# need suggestions on "Mother of All Wedding Benches"



## yellabret (May 15, 2012)

ok, daughter and wife asked me to make a wedding bench for my daughters wedding next month. the idea is to have a bench and people sign the bench as opposed to a guest book and they have all those names and memories on their front porch for eternity. so of course if i am going to make something i am going all out, and i have a stockpile of slabs so i let my creativity flow and this was the result. the problem is - its really too nice clutter up with signatures everywhere on such nice wood. so i need some ideas - what i have so far is:

sign only the legs below the seat line, or below the holes where the lag screws are. inside and out, i think that would be fine. we could have a template there to control the size they sign, by my calculations if we limit it to roughly a 4×2 in area, we can fit over 150. there are about 250 guests, and couples will sign as "john and Mary Smith".

or we could allow signing on the entire leg. or the back of the seat back as well for more space.

or, i could add something. i thought maybe about planing down some wood really thin, cutting it into sheets 8.5×11 in drill binding holes, and bind them with some leather lacing and hanging this like a guest book from one of the braces that the seat back is attached to. of course i would make the pages from a 2-ply laminate that is cross-grained for strength.

maybe i could make an ottoman type smaller bench from the same wood and they sign that?

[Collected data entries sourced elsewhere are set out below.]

lemma integral_labelling_term_eq_0:
  assumes "p \<ge> 1" "V \<noteq> {}" "i \<in> E \<rightarrow>\<^sub>E {0..<n}"
  shows "integrable (gauss_array p n) (\<lambda>G.
      (\<Prod>v\<in>V - frob_vertices p V E ends. wig p G (labels_at E ends i v)) *
      (\<Prod>P\<in>frob_pairs p V E ends. (wig p G (labels_pair E ends i P))\<^sup>2 - 1))"
    and "(\<integral>G. (\<Prod>v\<in>V - frob_vertices p V E ends. wig p G (labels_at E ends i v)) *
      (\<Prod>P\<in>frob_pairs p V E ends. (wig p G (labels_pair E ends i P))\<^sup>2 - 1) \<partial>gauss_array p n) = 0"
proof -
  let ?U = "frob_vertices p V E ends" and ?F = "frob_pairs p V E ends"
  let ?Sv = "labels_at E ends i" and ?Sp = "labels_pair E ends i"
  define \<S>v where "\<S>v = ?Sv ` (V - ?U)"
  define \<S>p where "\<S>p = ?Sp ` ?F"
  define \<phi> where "\<phi> S x = (if S \<in> \<S>p then x\<^sup>2 - 1 else x)" for S and x :: real
  have finite: "finite V" "finite E"
    using multigraph by (simp_all add: multigraph_def)
  have "?F \<subseteq> Pow V"
    by (auto simp: frob_pairs_def frob_pair_def)
  then have finite_F: "finite ?F"
    using finite(1) finite_subset by blast
  have nonempty: "\<S>v \<union> \<S>p \<noteq> {}"
    using assms(2) by (auto simp: \<S>v_def \<S>p_def frob_vertices_def)
  have "\<S>p \<subseteq> ?Sv ` V"
  proof
    fix S assume "S \<in> \<S>p"
    then obtain u w where uw: "frob_pair p V E ends u w" "S = ?Sp {u, w}"
      by (auto simp: \<S>p_def frob_pairs_def)
    then have "{u, w} \<in> ?F" "u \<in> V"
      by (auto simp: frob_pairs_def frob_pair_def)
    then show "S \<in> ?Sv ` V"
      using labels_pair_eq_labels_at[of "{u, w}" u] uw(2) by simp
  qed
  then have vertex_labels: "S \<in> ?Sv ` V" if "S \<in> \<S>v \<union> \<S>p" for S
    using that by (auto simp: \<S>v_def)
  have size: "size S = p" and range: "set_mset S \<subseteq> {0..<n}" if S: "S \<in> \<S>v \<union> \<S>p" for S
  proof -
    obtain v where v: "v \<in> V" "S = ?Sv v"
      using vertex_labels[OF S] by blast
    then show "size S = p"
      using regular by (simp add: size_labels_at regular_def)
    show "set_mset S \<subseteq> {0..<n}"
      using v(2) assms(3) finite(2) by (auto simp: mem_labels_at PiE_iff)
  qed
  have centred: "integrable (gauss_array p n) (\<lambda>G. \<phi> S (wig p G S)) \<and>
      (\<integral>G. \<phi> S (wig p G S) \<partial>gauss_array p n) = 0" if "S \<in> \<S>v \<union> \<S>p" for S
  proof (cases "S \<in> \<S>p")
    case True
    then obtain u w where uw: "frob_pair p V E ends u w" "S = ?Sp {u, w}"
      by (auto simp: \<S>p_def frob_pairs_def)
    let ?A = "i ` {e\<in>E. ends e = {#u, w#}}"
    have "?A \<subseteq> {0..<n}" "card ?A = p"
      using assms(3) uw(1) inj by (auto simp: card_image inj_on_subset frob_pair_def)
    then show ?thesis
      using integral_wig_mset_set_square_minus_1 labels_pair_frob_pair[OF uw(1) inj] uw(2) True
      by (simp add: \<phi>_def)
  next
    case False
    then show ?thesis
      using integral_wig_eq_0 size[OF that] range[OF that] by (simp add: \<phi>_def)
  qed
  have "finite (\<S>v \<union> \<S>p)"
    using finite(1) finite_F by (simp add: \<S>v_def \<S>p_def)
  moreover have "\<phi> S \<in> borel_measurable borel" for S
    by (cases "S \<in> \<S>p") (simp_all add: \<phi>_def[abs_def])
  ultimately have "integrable (gauss_array p n) (\<lambda>G. \<Prod>S\<in>\<S>v \<union> \<S>p. \<phi> S (wig p G S))"
    and "(\<integral>G. (\<Prod>S\<in>\<S>v \<union> \<S>p. \<phi> S (wig p G S)) \<partial>gauss_array p n) = 0"
    using integral_prod_wig_eq_0[OF _ nonempty size range _ centred[THEN conjunct1]
        centred[THEN conjunct2]] by auto
  moreover have "(\<Prod>v\<in>V - ?U. wig p G (?Sv v)) * (\<Prod>P\<in>?F. (wig p G (?Sp P))\<^sup>2 - 1) =
      (\<Prod>S\<in>\<S>v \<union> \<S>p. \<phi> S (wig p G S))" for G
    using prod_image_Un_image[OF finite_Diff[OF finite(1)] finite_F inj_on_labels_at
        inj_on_labels_pair[OF assms(1)] labels_at_labels_pair_disjoint, where f = "wig p G" and g = "\<lambda>S. (wig p G S)\<^sup>2 - 1"]
    by (simp add: \<S>v_def \<S>p_def \<phi>_def)
  ultimately show "integrable (gauss_array p n) (\<lambda>G.
      (\<Prod>v\<in>V - ?U. wig p G (?Sv v)) * (\<Prod>P\<in>?F. (wig p G (?Sp P))\<^sup>2 - 1))"
    and "(\<integral>G. (\<Prod>v\<in>V - ?U. wig p G (?Sv v)) * (\<Prod>P\<in>?F. (wig p G (?Sp P))\<^sup>2 - 1)
      \<partial>gauss_array p n) = 0"
    by simp_all
qed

any thoughts? ideas of another "accessory" like the wood book?


----------



## Bluepine38 (Dec 14, 2009)

You knew that they wanted people to sign the bench before you started, so either build another bench out
of pine that they can sign, or bite the bullet and let them sign that one. It is the signatures that they wanted,
and knowing mothers and daughters just a little bit, that is what they are going to get. Quit trying to swim 
upstream. Just one man's opinion and I have been wrong before.


----------



## REO (Sep 20, 2012)

It is a beautiful bench! you did a wonderful job! Fantastic! I just as whole heartedly have to second Bluepine. there will be no one that wont want to sign which is the point f a guest book anyway. I wold suggest they be allowed to add their words of wisdom as well. something they will remember every time they use it.


----------



## yellabret (May 15, 2012)

pine? seriously? and i suppose you would want me to drink lite beer in a can or even worse michelob ultra whilst building it? wtf man, dont know where you are from but i am from Texas. i'd sooner die.

;-)

seriously though - i hear you two…but after much cussing and discussing, we decided i am going to make a footrest that will easily fit under the bench when not in use. from the same tree. i finished the bench in General Finishes Outdoor Oil - 7 wipe-on/wipe-off coats - will likely put 5 or 6 on the foot rest, have it signed with sharpie paint pens, then another 2 coats plus an extra 2 coats every year. the bench will be on a covered porch at worst, never in direct weather - so i think this will work. have made several benches the same style as the foot rest so i am all set. thanks for the input!

David


----------



## jumbojack (Mar 20, 2011)

You seem to think the beauty of your bench, beg pardon, your daughters bench, will be diminished by the signing. I think nothing could be further from the truth. The bench is beautiful and since it was a 'commissioned' piece, you should let go and let it be. It is what it is.


----------



## Edziu (Jan 17, 2010)

=1 to bluepine, REO, and jumbojack.

You knew the end use of the project going in-therefore, let people sign the real deal- anywhere they want.


----------



## yellabret (May 15, 2012)

i hear you all….but trust me - it was my daughter and future son in law that together dont want signatures all over - i did not start that direction. so we got into discussions - i posted here - then when i offered the foot rest to them they lit up and agreed….


----------



## Christophret (Dec 2, 2012)

Have them sign under the bench.
Thats a really nice piece of work!
Awesome in fact. Hopefully, your grandchildren will sit on it.


----------



## lateralus819 (Mar 24, 2013)

How many folks will be signing roughly? Might be neat to inlay some panels on each side of the back rest for signing,at least it would be uniform.


----------